* Task description *
Produce a verbatim copy of the lines from the one holding "Context: The Tribonacci" through the last line of the listing, and nothing else.

-------------------------

(* Let $d(n)$ be the number of cubes of $\mathbb{T}$ ending at position $n$. For $m\ge7$ let $\Gamma_{m,1}$ be the integer interval (increasing vector) $[\frac{t_{m}+t_{m-2}-1}{2},\dots,\frac{t_{m+1}+t_{m-1}-3}{2}]$, and for a vector $V=[v_1,\dots,v_r]$ write $d(V)=[d(v_1),\dots,d(v_r)]$. Then $d(n)=0$ for $n\leq51$, and \begin{align*} d(\Gamma_{7,1})&=d([52,\dots,95])=[\underbrace{0,\dots,0}_6,1,\underbrace{0,\dots,0}_{37}];\\ d(\Gamma_{8,1})&=d([96,\dots,176])=[\underbrace{0,\dots,0}_{11},1,1,\underbrace{0,\dots,0}_{30},1,\underbrace{0,\dots,0}_{37}];\\ d(\Gamma_{9,1})&=d([177,\dots,325])=[\underbrace{0,\dots,0}_{20},\underbrace{1,\dots,1}_4,\underbrace{0,\dots,0}_{6},1,\underbrace{0,\dots,0}_{48},1,1,\underbrace{0,\dots,0}_{30},1,\underbrace{0,\dots,0}_{37}]; \end{align*} and for $m\geq10$ (juxtaposition denoting concatenation of vectors and $+$ coordinatewise addition) $$d(\Gamma_{m,1})=[d(\Gamma_{m-3,1}),d(\Gamma_{m-2,1}),d(\Gamma_{m-1,1})]+[\underbrace{0,\dots,0,}_{\frac{-t_{m-2}+5t_{m-4}+1}{2}}\underbrace{1,\dots,1,}_{\frac{t_{m-2}-3t_{m-4}-1}{2}}\underbrace{0,\dots,0}_{t_{m-2}+t_{m-3}}].$$
   Context: The Tribonacci sequence $\mathbb{T}=x_1x_2x_3\cdots$ is the fixed point (infinite word starting with $a$) of the substitution $\sigma(a)=ab$, $\sigma(b)=ac$, $\sigma(c)=a$ over $\{a,b,c\}$. The Tribonacci numbers are $t_m=|\sigma^m(a)|$ for $m\ge0$, with $t_{-2}=0$, $t_{-1}=1$; thus $t_0=1,t_1=2,t_2=4$ and $t_m=t_{m-1}+t_{m-2}+t_{m-3}$. For a nonempty factor $\omega$ of $\mathbb{T}$ and $p\ge1$, $\omega_p$ denotes the $p$-th occurrence of $\omega$ in $\mathbb{T}$ (occurrences ordered by starting position). A cube is a pair $(\omega,p)$ such that $\omega_{p+1}$ begins immediately after $\omega_p$ ends and $\omega_{p+2}$ begins immediately after $\omega_{p+1}$ ends (i.e. $\omega_p\omega_{p+1}\omega_{p+2}$ is a factor of $\mathbb{T}$); it ends at position $n$ if the last letter of $\omega_{p+2}$ is at position $n$. Thus $d(n)=\#\{(\omega,p):\omega_p\omega_{p+1}\omega_{p+2}\text{ ends at position }n\}$. *)

theory Defs
  imports Main
begin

-------------------------

* Exercise solution *
   Context: The Tribonacci sequence $\mathbb{T}=x_1x_2x_3\cdots$ is the fixed point (infinite word starting with $a$) of the substitution $\sigma(a)=ab$, $\sigma(b)=ac$, $\sigma(c)=a$ over $\{a,b,c\}$. The Tribonacci numbers are $t_m=|\sigma^m(a)|$ for $m\ge0$, with $t_{-2}=0$, $t_{-1}=1$; thus $t_0=1,t_1=2,t_2=4$ and $t_m=t_{m-1}+t_{m-2}+t_{m-3}$. For a nonempty factor $\omega$ of $\mathbb{T}$ and $p\ge1$, $\omega_p$ denotes the $p$-th occurrence of $\omega$ in $\mathbb{T}$ (occurrences ordered by starting position). A cube is a pair $(\omega,p)$ such that $\omega_{p+1}$ begins immediately after $\omega_p$ ends and $\omega_{p+2}$ begins immediately after $\omega_{p+1}$ ends (i.e. $\omega_p\omega_{p+1}\omega_{p+2}$ is a factor of $\mathbb{T}$); it ends at position $n$ if the last letter of $\omega_{p+2}$ is at position $n$. Thus $d(n)=\#\{(\omega,p):\omega_p\omega_{p+1}\omega_{p+2}\text{ ends at position }n\}$. *)

theory Defs
  imports Main
begin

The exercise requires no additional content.